▶ TASK OBJECTIVE:
Filter the listing below for "shows" and report every line that has it.

---

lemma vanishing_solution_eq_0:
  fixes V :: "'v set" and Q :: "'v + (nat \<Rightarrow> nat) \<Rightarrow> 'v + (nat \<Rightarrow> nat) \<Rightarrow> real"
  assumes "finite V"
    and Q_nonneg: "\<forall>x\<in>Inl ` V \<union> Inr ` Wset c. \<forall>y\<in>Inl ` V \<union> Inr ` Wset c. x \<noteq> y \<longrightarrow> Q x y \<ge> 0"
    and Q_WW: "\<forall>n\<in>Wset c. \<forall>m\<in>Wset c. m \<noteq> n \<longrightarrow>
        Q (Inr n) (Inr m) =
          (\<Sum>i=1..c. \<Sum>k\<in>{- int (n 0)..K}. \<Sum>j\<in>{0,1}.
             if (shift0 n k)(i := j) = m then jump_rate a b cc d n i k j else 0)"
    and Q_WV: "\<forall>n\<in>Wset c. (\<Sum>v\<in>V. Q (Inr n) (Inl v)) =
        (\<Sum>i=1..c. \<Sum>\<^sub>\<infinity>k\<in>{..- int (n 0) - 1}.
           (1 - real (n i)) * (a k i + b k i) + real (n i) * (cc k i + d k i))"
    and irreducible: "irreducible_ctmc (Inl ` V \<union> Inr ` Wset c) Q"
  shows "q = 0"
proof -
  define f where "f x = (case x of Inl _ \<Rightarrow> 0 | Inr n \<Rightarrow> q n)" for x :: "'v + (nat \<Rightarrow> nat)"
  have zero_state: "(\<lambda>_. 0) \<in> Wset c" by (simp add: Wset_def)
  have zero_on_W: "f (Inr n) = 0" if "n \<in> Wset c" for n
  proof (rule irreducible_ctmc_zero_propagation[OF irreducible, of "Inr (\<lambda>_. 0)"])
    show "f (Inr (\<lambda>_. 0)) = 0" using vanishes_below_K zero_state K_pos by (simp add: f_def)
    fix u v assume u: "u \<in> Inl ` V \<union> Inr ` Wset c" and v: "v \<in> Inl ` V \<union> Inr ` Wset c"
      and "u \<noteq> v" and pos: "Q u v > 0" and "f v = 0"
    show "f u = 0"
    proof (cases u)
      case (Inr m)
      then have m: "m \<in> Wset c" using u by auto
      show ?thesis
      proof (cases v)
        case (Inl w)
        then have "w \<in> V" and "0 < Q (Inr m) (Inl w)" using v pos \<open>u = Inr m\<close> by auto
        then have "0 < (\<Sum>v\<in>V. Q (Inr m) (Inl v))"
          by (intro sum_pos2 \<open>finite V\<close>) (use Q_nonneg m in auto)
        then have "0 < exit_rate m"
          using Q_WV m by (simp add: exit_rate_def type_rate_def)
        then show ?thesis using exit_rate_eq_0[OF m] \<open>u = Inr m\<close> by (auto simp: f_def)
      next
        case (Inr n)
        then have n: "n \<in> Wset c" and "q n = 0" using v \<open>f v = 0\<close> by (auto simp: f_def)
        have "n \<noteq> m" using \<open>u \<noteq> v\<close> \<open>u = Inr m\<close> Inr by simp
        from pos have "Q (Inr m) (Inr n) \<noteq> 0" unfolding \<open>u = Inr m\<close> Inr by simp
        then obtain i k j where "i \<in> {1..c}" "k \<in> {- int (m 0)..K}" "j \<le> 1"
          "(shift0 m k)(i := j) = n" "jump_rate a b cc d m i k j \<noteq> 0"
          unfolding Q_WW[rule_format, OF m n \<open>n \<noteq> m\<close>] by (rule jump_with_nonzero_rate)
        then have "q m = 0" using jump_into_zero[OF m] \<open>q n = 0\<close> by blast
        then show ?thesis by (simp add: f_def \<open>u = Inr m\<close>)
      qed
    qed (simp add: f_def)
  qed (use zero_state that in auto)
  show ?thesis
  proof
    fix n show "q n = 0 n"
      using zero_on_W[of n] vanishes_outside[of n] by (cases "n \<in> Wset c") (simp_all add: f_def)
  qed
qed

---

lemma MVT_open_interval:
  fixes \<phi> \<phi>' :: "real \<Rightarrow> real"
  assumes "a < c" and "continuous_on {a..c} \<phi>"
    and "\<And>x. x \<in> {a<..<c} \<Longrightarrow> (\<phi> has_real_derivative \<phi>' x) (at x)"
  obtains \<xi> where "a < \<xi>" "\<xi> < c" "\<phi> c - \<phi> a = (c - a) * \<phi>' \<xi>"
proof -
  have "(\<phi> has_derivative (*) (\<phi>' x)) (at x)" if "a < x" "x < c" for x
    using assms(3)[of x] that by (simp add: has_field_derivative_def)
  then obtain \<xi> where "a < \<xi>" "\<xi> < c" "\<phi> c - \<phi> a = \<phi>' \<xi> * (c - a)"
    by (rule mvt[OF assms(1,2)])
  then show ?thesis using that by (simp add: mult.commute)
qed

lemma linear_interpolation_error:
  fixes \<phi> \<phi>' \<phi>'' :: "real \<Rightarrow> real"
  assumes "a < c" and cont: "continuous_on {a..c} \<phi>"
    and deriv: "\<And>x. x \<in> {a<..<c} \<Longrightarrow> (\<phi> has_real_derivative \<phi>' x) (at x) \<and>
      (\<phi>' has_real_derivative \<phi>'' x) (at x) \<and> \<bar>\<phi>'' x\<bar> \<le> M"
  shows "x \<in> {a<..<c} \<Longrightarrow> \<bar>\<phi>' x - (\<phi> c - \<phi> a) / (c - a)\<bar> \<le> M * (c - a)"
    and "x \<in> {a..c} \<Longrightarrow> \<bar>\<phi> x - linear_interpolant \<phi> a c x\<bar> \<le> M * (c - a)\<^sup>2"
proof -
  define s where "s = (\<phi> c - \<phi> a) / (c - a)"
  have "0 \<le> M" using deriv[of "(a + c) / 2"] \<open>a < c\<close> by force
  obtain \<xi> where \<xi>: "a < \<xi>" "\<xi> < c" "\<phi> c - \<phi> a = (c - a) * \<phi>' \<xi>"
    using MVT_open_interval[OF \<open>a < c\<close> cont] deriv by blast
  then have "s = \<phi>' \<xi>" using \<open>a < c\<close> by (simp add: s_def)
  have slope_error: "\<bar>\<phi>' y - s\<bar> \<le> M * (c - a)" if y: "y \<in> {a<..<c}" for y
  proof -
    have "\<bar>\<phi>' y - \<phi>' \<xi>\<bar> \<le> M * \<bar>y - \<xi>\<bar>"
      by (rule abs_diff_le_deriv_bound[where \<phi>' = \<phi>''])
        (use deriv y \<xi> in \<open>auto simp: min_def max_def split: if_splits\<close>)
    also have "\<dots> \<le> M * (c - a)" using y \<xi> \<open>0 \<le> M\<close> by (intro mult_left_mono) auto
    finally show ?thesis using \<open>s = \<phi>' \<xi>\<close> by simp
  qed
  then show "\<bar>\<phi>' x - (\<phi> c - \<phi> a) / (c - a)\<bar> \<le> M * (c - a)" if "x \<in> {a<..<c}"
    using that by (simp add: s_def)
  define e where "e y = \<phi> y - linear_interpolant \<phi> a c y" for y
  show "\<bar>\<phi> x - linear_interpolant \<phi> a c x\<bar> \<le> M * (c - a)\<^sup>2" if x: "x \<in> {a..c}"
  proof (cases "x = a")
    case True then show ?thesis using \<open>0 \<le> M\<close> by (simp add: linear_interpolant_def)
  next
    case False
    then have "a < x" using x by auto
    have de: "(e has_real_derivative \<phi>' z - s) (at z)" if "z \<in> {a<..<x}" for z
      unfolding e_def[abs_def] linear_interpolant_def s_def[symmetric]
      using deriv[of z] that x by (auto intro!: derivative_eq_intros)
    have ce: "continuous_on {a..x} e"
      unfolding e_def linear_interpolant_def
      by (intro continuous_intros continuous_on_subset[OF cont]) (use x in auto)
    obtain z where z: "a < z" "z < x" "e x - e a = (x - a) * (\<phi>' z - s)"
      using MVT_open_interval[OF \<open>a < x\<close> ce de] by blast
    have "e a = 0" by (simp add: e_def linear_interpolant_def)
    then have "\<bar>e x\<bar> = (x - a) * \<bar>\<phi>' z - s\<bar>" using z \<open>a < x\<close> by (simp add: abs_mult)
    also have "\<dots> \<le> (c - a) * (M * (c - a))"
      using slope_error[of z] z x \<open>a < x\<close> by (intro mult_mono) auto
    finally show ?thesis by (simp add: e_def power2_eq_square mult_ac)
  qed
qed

---

▶ ANSWER TO THIS EXERCISE:
  shows "q = 0"
  shows "x \<in> {a<..<c} \<Longrightarrow> \<bar>\<phi>' x - (\<phi> c - \<phi> a) / (c - a)\<bar> \<le> M * (c - a)"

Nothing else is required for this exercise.